Store Grand Re-opening: Loading Android Data with Coroutines
Article Summary
Dropbox just took over Store, the popular Android data loading library, and rewrote it from scratch in Kotlin. The reason? RxJava was making it too easy for developers to leak memory.
Originally created at the New York Times, Store (3,500+ GitHub stars) helps Android apps manage data fetching, caching, and sharing.
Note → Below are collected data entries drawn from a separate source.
theorem theorem4:
  fixes A :: "'a::euclidean_space set"
    and K :: "'b::banach set"
    and f :: "'a \<Rightarrow> 'w::t2_space \<Rightarrow> real"
    and gf :: "'a \<Rightarrow> 'w \<Rightarrow> 'a"
    and G :: "'a \<Rightarrow> 'b"
    and DG :: "'a \<Rightarrow> ('a \<Rightarrow>\<^sub>L 'b)"
    and x :: 'a
  assumes A: "A \<noteq> {}" "closed A" "convex A"
    and K: "K \<noteq> {}" "closed K" "convex K" "cone K"
    and W: "compact (UNIV :: 'w set)"
    and f_diff: "\<And>x \<omega>. ((\<lambda>y. f y \<omega>) has_derivative (\<lambda>h. gf x \<omega> \<bullet> h)) (at x)"
    and f_cont: "continuous_on UNIV (\<lambda>p. f (fst p) (snd p))"
    and gf_cont: "continuous_on UNIV (\<lambda>p. gf (fst p) (snd p))"
    and G_diff: "\<And>x. (G has_derivative blinfun_apply (DG x)) (at x)"
    and DG_cont: "continuous_on UNIV DG"
    and feas: "G x \<in> K" "x \<in> A"
  shows "((\<exists>l. is_lagrange_multiplier f G K A x l)
            \<longleftrightarrow> 0 \<in> Dset f gf G (\<lambda>y. blinfun_apply (DG y)) K A x)
       \<and> ((\<forall>h. h \<in> contingent_cone A x - {0}
               \<and> blinfun_apply (DG x) h \<in> contingent_cone K (G x)
               \<longrightarrow> (SUP \<omega>\<in>active_set f x. gf x \<omega> \<bullet> h) > 0)
            \<longleftrightarrow> 0 \<in> interior (Dset f gf G (\<lambda>y. blinfun_apply (DG y)) K A x))"
proof -
  interpret max_function f gf
    using W f_diff f_cont gf_cont by unfold_locales
  \<comment> \<open>Unused: closedness and nonemptiness of A and K, continuity of DG. Only the closures
    of the cones generated by A and K at the base points and the derivative at x enter.\<close>
  let ?DG = "\<lambda>y. blinfun_apply (DG y)"
  let ?D = "Dset f gf G ?DG K A x"
  have T: "linear (?DG x)"
    by (rule bounded_linear.linear[OF blinfun.bounded_linear_right])
  have "(\<exists>l. is_lagrange_multiplier f G K A x l) \<longleftrightarrow> 0 \<in> ?D"
    unfolding is_lagrange_multiplier_iff[OF G_diff]
      zero_mem_Dset_iff[where DG="?DG", OF A(3) feas(2) T]
    by blast
  moreover have "(\<forall>h. h \<in> contingent_cone A x - {0} \<and> ?DG x h \<in> contingent_cone K (G x)
      \<longrightarrow> (SUP \<omega>\<in>active_set f x. gf x \<omega> \<bullet> h) > 0) \<longleftrightarrow> 0 \<in> interior ?D"
    unfolding zero_mem_interior_convex_iff[OF convex_Dset[where DG="?DG", OF T]]
      exists_Dset_inner_pos_iff[where DG="?DG" and G=G and x=x, OF A(3) feas(2) K(3,4) feas(1) T]
    by blast
  ultimately show ?thesis
    by blast
qed
lemma ln_one_plus_expansion:
  assumes c: "c > 0"
  shows "(\<lambda>n::nat. ln (1 + c / real n) - (\<Sum>i=1..L. ln_one_plus_coeff c i / real n ^ i))
           \<in> O(\<lambda>n. 1 / real n ^ Suc L)"
proof -
  have "(\<lambda>n::nat. ln (1 + c * (1 / real n)) - (\<Sum>i\<le>L. ln_one_plus_coeff c i / real n ^ i))
          \<in> O(\<lambda>n. 1 / real n ^ Suc L)"
  proof (rule power_series_remainder_bigo[where r="1 / (2 * c)" and C=1 and R=c])
    fix x :: real assume "\<bar>x\<bar> \<le> 1 / (2 * c)"
    then have "\<bar>c * x\<bar> < 1" using c by (simp add: abs_mult field_simps)
    from ln_series'[OF this]
    show "(\<lambda>i. ln_one_plus_coeff c i * x ^ i) sums ln (1 + c * x)"
      by (simp add: ln_one_plus_coeff_def power_minus[of "c * x"] power_minus[of c]
          power_mult_distrib mult.assoc)
  next
    fix i :: nat
    show "\<bar>ln_one_plus_coeff c i\<bar> \<le> 1 * c ^ i"
      using c by (cases "i = 0") (auto simp: ln_one_plus_coeff_def abs_mult power_abs divide_le_eq)
  qed (use c in auto)
  then show ?thesis
    by (simp add: atMost_atLeast0 sum.atLeast_Suc_atMost ln_one_plus_coeff_def)
qed

lemma one_plus_two_powr_expansion:
  assumes k: "k \<ge> 1"
  shows "(\<lambda>n::nat. (1 + 2 * (1 / real n)) powr (- real k)
            - (\<Sum>i\<le>L. (- real k gchoose i) * 2 ^ i / real n ^ i)) \<in> O(\<lambda>n. 1 / real n ^ Suc L)"
proof (rule power_series_remainder_bigo[where r="1/4" and C="2 ^ k" and R=4])
  fix x :: real assume "\<bar>x\<bar> \<le> 1/4"
  then have "\<bar>2 * x\<bar> < 1" by (simp add: abs_mult)
  from gen_binomial_real[OF this, of "- real k"]
  show "(\<lambda>i. (- real k gchoose i) * 2 ^ i * x ^ i) sums (1 + 2 * x) powr (- real k)"
    by (simp add: power_mult_distrib mult_ac)
next
  fix i :: nat
  have "\<bar>- real k gchoose i\<bar> = \<bar>real k + real i - 1 gchoose i\<bar>"
    by (simp add: gbinomial_minus abs_mult)
  also have "real k + real i - 1 = real (k + i - 1)"
    using k by simp
  also have "\<bar>real (k + i - 1) gchoose i\<bar> = real ((k + i - 1) choose i)"
    by (simp flip: binomial_gbinomial)
  also have "\<dots> \<le> real (2 ^ (k + i - 1))"
    using binomial_le_pow2[of "k + i - 1" i] by (simp only: of_nat_le_iff)
  also have "\<dots> \<le> 2 ^ k * 2 ^ i"
    by (simp add: power_increasing flip: power_add)
  finally have "\<bar>(- real k gchoose i) * 2 ^ i\<bar> \<le> 2 ^ k * 2 ^ i * 2 ^ i"
    by (simp add: abs_mult)
  also have "\<dots> = 2 ^ k * 4 ^ i"
    by (simp flip: power_mult_distrib)
  finally show "\<bar>(- real k gchoose i) * 2 ^ i\<bar> \<le> 2 ^ k * 4 ^ i" .
qed auto

text \<open>The coefficient of \<open>n\<^sup>-\<^sup>j\<close> in the expansion of \<open>(n + 2)\<^sup>-\<^sup>k\<close>.\<close>
definition shift_coeff :: "nat \<Rightarrow> nat \<Rightarrow> real" where
  "shift_coeff k j = (if k \<le> j then (- real k gchoose (j - k)) * 2 ^ (j - k) else 0)"

lemma shift_coeff_eq:
  assumes "1 \<le> k" "k \<le> j"
  shows "shift_coeff k j = (-1) ^ (j - k) * 2 ^ (j - k) * fact (j - 1) / (fact (j - k) * fact (k - 1))"
proof -
  have "real k + real (j - k) - 1 = real (j - 1)" using assms by simp
  then have "- real k gchoose (j - k) = (-1) ^ (j - k) * real ((j - 1) choose (j - k))"
    by (simp add: gbinomial_minus binomial_gbinomial)
  also have "real ((j - 1) choose (j - k)) = fact (j - 1) / (fact (j - k) * fact (k - 1))"
    using assms by (simp add: binomial_fact Suc_diff_le)
  finally show ?thesis using assms by (simp add: shift_coeff_def)
qed

lemma shift_coeff_sum_eq:
  assumes "1 \<le> k" "k \<le> M"
  shows "(\<Sum>j=1..M. shift_coeff k j / real n ^ j)
       = 1 / real n ^ k * (\<Sum>i\<le>M - k. (- real k gchoose i) * 2 ^ i / real n ^ i)"
proof -
  have "(\<Sum>j=1..M. shift_coeff k j / real n ^ j) = (\<Sum>j=k..M. shift_coeff k j / real n ^ j)"
    using assms by (intro sum.mono_neutral_right) (auto simp: shift_coeff_def)
  also have "\<dots> = (\<Sum>i=0..M - k. shift_coeff k (k + i) / real n ^ (k + i))"
    using assms by (subst sum.atLeastAtMost_shift_0) auto
  also have "\<dots> = 1 / real n ^ k * (\<Sum>i\<le>M - k. (- real k gchoose i) * 2 ^ i / real n ^ i)"
    by (simp add: atMost_atLeast0 sum_distrib_left shift_coeff_def power_add)
  finally show ?thesis .
qed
Dropbox rebuilt it as Store 4 using Kotlin Coroutines and Flow to align with modern Android architecture and solve critical memory management issues.
Key Takeaways
- Switched from RxJava to Kotlin Flow for structured concurrency and automatic leak prevention
- Fills the Repository gap in Android Jetpack's architecture with reusable abstractions
- Prevents duplicate network requests through inflight debouncing (major data usage reduction at NYT)
- Supports disk as source of truth with Room, SQLDelight, or Realm for offline-first apps
- Returns sealed class responses (Loading/Data/Error) so UI streams never break on errors
Store 4 provides production-ready repository pattern implementation with memory caching, disk persistence, request deduplication, and guaranteed leak prevention through Kotlin's structured concurrency.
About This Article
Android apps were using too much data because RxJava's disposable-based subscription model made it easy for engineers to forget calling dispose(). This directly caused memory leaks in embedded systems that had limited resources.
Dropbox rewrote Store 4 in Kotlin using Flow's suspend functions. These enforce structured concurrency by requiring coroutine scope definition at creation time, rather than relying on manual disposal later.
Store's built-in inflight debouncer prevented duplicate requests for identical data. After the New York Times implemented it, data usage dropped significantly.